Lenders and banks usually charge a higher interest rate for
high loan to value percentages. The best interest rates are
given to those loan requests at 80 percent loan-to-value or
lower.
Intended
amount to borrow – A majority of lenders offer
various rates at different borrowing levels. A lender's basic
rule is the larger amount you borrow, the lower your rate.

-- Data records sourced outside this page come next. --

lemma is_gline_LR: "is_gline X (L ` A \<union> R ` B) \<longleftrightarrow> A \<inter> X \<noteq> {} \<and> B \<inter> X \<noteq> {}"
  unfolding is_gline_iff by auto

lemma is_gline_not_singleton: "is_gline X Z \<Longrightarrow> \<not> is_singleton Z"
  unfolding is_gline_iff is_singleton_def by auto

lemma PX_block_subset: "P \<in> PX X \<Longrightarrow> Z \<in> P \<Longrightarrow> Z \<subseteq> cset X"
  unfolding PX_def partition_on_def by auto

lemma PX_block_exists:
  assumes "P \<in> PX X" "u \<in> cset X"
  obtains Z where "Z \<in> P" "u \<in> Z"
  using assms unfolding PX_def partition_on_def by auto

lemma PX_block_unique: "P \<in> PX X \<Longrightarrow> Z \<in> P \<Longrightarrow> Z' \<in> P \<Longrightarrow> u \<in> Z \<Longrightarrow> u \<in> Z' \<Longrightarrow> Z = Z'"
  unfolding PX_def partition_on_def pairwise_def disjnt_def by blast

lemma PX_block_nonempty: "P \<in> PX X \<Longrightarrow> Z \<in> P \<Longrightarrow> Z \<noteq> {}"
  unfolding PX_def partition_on_def by auto

lemma PX_block_cases: "P \<in> PX X \<Longrightarrow> Z \<in> P \<Longrightarrow> (\<exists>u. Z = {u}) \<or> is_gline X Z"
  unfolding PX_def is_singleton_def by auto

lemma PX_block_is_gline: "P \<in> PX X \<Longrightarrow> Z \<in> P \<Longrightarrow> u \<in> Z \<Longrightarrow> Z \<noteq> {u} \<Longrightarrow> is_gline X Z"
  using PX_block_cases by fastforce

lemma PX_lineE:
  assumes "P \<in> PX X" "Z \<in> P" "is_gline X Z"
  obtains A B where "Z = L ` A \<union> R ` B" "A \<noteq> {}" "B \<noteq> {}" "A \<subseteq> X" "B \<subseteq> X"
proof -
  have Z: "Z \<subseteq> cset X" using PX_block_subset[OF assms(1,2)] .
  have "lefts Z \<noteq> {}" "rights Z \<noteq> {}"
    using assms(3) unfolding is_gline_iff lefts_def rights_def by auto
  then show ?thesis using that subset_cset_eq_LR[OF Z] by blast
qed

lemma PX_eqI_lines:
  assumes P: "P \<in> PX X" and Q: "Q \<in> PX X"
    and "\<And>Z. Z \<in> P \<Longrightarrow> is_gline X Z \<Longrightarrow> Z \<in> Q"
    and "\<And>Z. Z \<in> Q \<Longrightarrow> is_gline X Z \<Longrightarrow> Z \<in> P"
  shows "P = Q"
proof -
  have point: "Z \<in> Q" if P: "P \<in> PX X" and Q: "Q \<in> PX X"
    and lines: "\<And>Z. Z \<in> Q \<Longrightarrow> is_gline X Z \<Longrightarrow> Z \<in> P"
    and Z: "Z \<in> P" "Z = {u}" for P Q Z u
  proof -
    have "u \<in> cset X" using PX_block_subset[OF P Z(1)] Z(2) by auto
    then obtain W where W: "W \<in> Q" "u \<in> W" using PX_block_exists[OF Q] by blast
    have "\<not> is_gline X W"
      using lines[OF W(1)] PX_block_unique[OF P _ Z(1), of W u] W Z(2) is_gline_not_singleton
      by fastforce
    then show ?thesis using PX_block_cases[OF Q W(1)] W Z(2) by auto
  qed
  show ?thesis
  proof (intro equalityI subsetI)
    show "Z \<in> Q" if "Z \<in> P" for Z
      using PX_block_cases[OF P that] point[OF P Q assms(4) that] assms(3)[OF that] by blast
    show "Z \<in> P" if "Z \<in> Q" for Z
      using PX_block_cases[OF Q that] point[OF Q P assms(3) that] assms(4)[OF that] by blast
  qed
qed

lemma lines_points_PX:
  assumes "\<And>Z. Z \<in> Ls \<Longrightarrow> Z \<subseteq> cset X" "\<And>Z. Z \<in> Ls \<Longrightarrow> is_gline X Z"
    and "\<And>Z Z'. Z \<in> Ls \<Longrightarrow> Z' \<in> Ls \<Longrightarrow> Z \<inter> Z' \<noteq> {} \<Longrightarrow> Z = Z'"
  shows "Ls \<union> {{u} | u. u \<in> cset X - \<Union>Ls} \<in> PX X"
proof -
  let ?P = "Ls \<union> {{u} | u. u \<in> cset X - \<Union>Ls}"
  have "\<Union>?P = cset X" using assms(1) by blast
  moreover have "disjoint ?P"
    unfolding pairwise_def disjnt_def using assms(3) by blast
  moreover have "{} \<notin> ?P" using assms(2) unfolding is_gline_def by blast
  ultimately have "partition_on (cset X) ?P" unfolding partition_on_def by blast
  then show ?thesis unfolding PX_def using assms(2) by auto
qed

text \<open>Products under \<open>\<star>\<close> are only known to be families of this kind, not members of P_X.\<close>

definition disjoint_blocks :: "'a set \<Rightarrow> 'a cp set set \<Rightarrow> bool" where
  "disjoint_blocks X P \<longleftrightarrow>
     (\<forall>Z\<in>P. Z \<subseteq> cset X) \<and> (\<forall>Z\<in>P. \<forall>Z'\<in>P. Z \<inter> Z' \<noteq> {} \<longrightarrow> Z = Z')"

lemma disjoint_blocks_subset: "disjoint_blocks X P \<Longrightarrow> Z \<in> P \<Longrightarrow> Z \<subseteq> cset X"
  unfolding disjoint_blocks_def by blast

lemma disjoint_blocks_unique:
  "disjoint_blocks X P \<Longrightarrow> Z \<in> P \<Longrightarrow> Z' \<in> P \<Longrightarrow> u \<in> Z \<Longrightarrow> u \<in> Z' \<Longrightarrow> Z = Z'"
  unfolding disjoint_blocks_def by blast

lemma PX_disjoint_blocks: "P \<in> PX X \<Longrightarrow> disjoint_blocks X P"
  unfolding disjoint_blocks_def using PX_block_subset PX_block_unique by blast

section \<open>Transposition\<close>

fun swap :: "'a cp \<Rightarrow> 'a cp" where
  "swap (L x) = R x" | "swap (R x) = L x" | "swap (M x) = M x"

definition transpose_part :: "'a cp set set \<Rightarrow> 'a cp set set" where
  "transpose_part P = (\<lambda>Z. swap ` Z) ` P"

lemma swap_swap [simp]: "swap (swap u) = u"
  by (cases u) auto

lemma mem_swap_image [simp]: "u \<in> swap ` Z \<longleftrightarrow> swap u \<in> Z"
  by (metis image_iff swap_swap)

lemma swap_image_swap_image [simp]: "swap ` swap ` Z = Z"
  by auto

lemma swap_image_LR: "swap ` (L ` A \<union> R ` B) = L ` B \<union> R ` A"
  by (auto simp: image_Un image_image)

lemma is_gline_swap_image [simp]: "is_gline X (swap ` Z) \<longleftrightarrow> is_gline X Z"
  unfolding is_gline_iff by (metis mem_swap_image swap.simps(1,2))

lemma transpose_part_transpose_part [simp]: "transpose_part (transpose_part P) = P"
  unfolding transpose_part_def image_comp by (simp add: comp_def)

lemma mem_transpose_part: "Z \<in> transpose_part P \<longleftrightarrow> swap ` Z \<in> P"
  unfolding transpose_part_def by (metis image_iff swap_image_swap_image)

lemma transpose_part_PX:
  assumes P: "P \<in> PX X"
  shows "transpose_part P \<in> PX X"
proof -
  have part: "partition_on (cset X) P" and "{} \<notin> P" using P unfolding PX_def partition_on_def by auto
  have "swap ` cset X = cset X"
  proof (rule set_eqI)
    show "u \<in> swap ` cset X \<longleftrightarrow> u \<in> cset X" for u
      by (cases u) auto
  qed
  moreover have "partition_on (swap ` cset X) ((`) swap ` P - {{}})"
    by (rule partition_on_inj_image[OF part]) (metis inj_on_inverseI swap_swap)
  moreover have "(`) swap ` P - {{}} = (`) swap ` P"
    using \<open>{} \<notin> P\<close> by auto
  ultimately have "partition_on (cset X) (transpose_part P)"
    unfolding transpose_part_def by simp
  moreover have "is_singleton Z \<or> is_gline X Z" if "Z \<in> transpose_part P" for Z
  proof -
    have "swap ` Z \<in> P" using that by (simp add: mem_transpose_part)
    from PX_block_cases[OF P this] show ?thesis
    proof
      assume "\<exists>u. swap ` Z = {u}"
      then obtain u where "swap ` Z = {u}" by blast
      then have "Z = {swap u}" by (metis image_empty image_insert swap_image_swap_image)
      then show ?thesis by simp
    qed simp
  qed
  ultimately show ?thesis unfolding PX_def by auto
qed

If you wish to borrow a large percent of the approved amount,
you can negotiate with the lender for a further reduction
on the overall interest rate.
Credit
history – In reviewing your ability to repay home
equity rates, lenders usually check your credit history
report. Your credit history includes current and past debts,
the number of times and facilities you have passed an application
for credit, the list of late payments, extension of credit
lines and bankruptcy.
The
credit report will show all the payment negligence you have
had over the past years. This report could be a factor
considered by lenders in deciding the approval or rejection
of your home equity application. Your credit score establishes
the rate each lender may charge you. If you have a high credit
score, your home equity rate will be lower.
Status
of the local market – Home equity rates can vary
for each region because of competition and the demand or
supply
of money.
If
the lenders in a particular region face a competitive supply
of home equity products, these lenders could offer you
lower rates compared to the national rate. On the other hand,
if lenders in specific markets hold a tight money supply,
the interest rates could be higher than the published national
rates.
Most
lenders are willing to negotiate the rates once you have
met their criteria. They are aware of the accessibility
of interest rate information throughout the internet and nationwide
banks. So make sure to do your research before negotiating.
For
the lowest possible interest rates, make sure to clean your
credit
history of debt, determine the suitable amount of money to
borrow and compute the loan-to-value beforehand. In doing so,
you are ready to face any lender and have a larger possibility
of being approved with a low interest rate.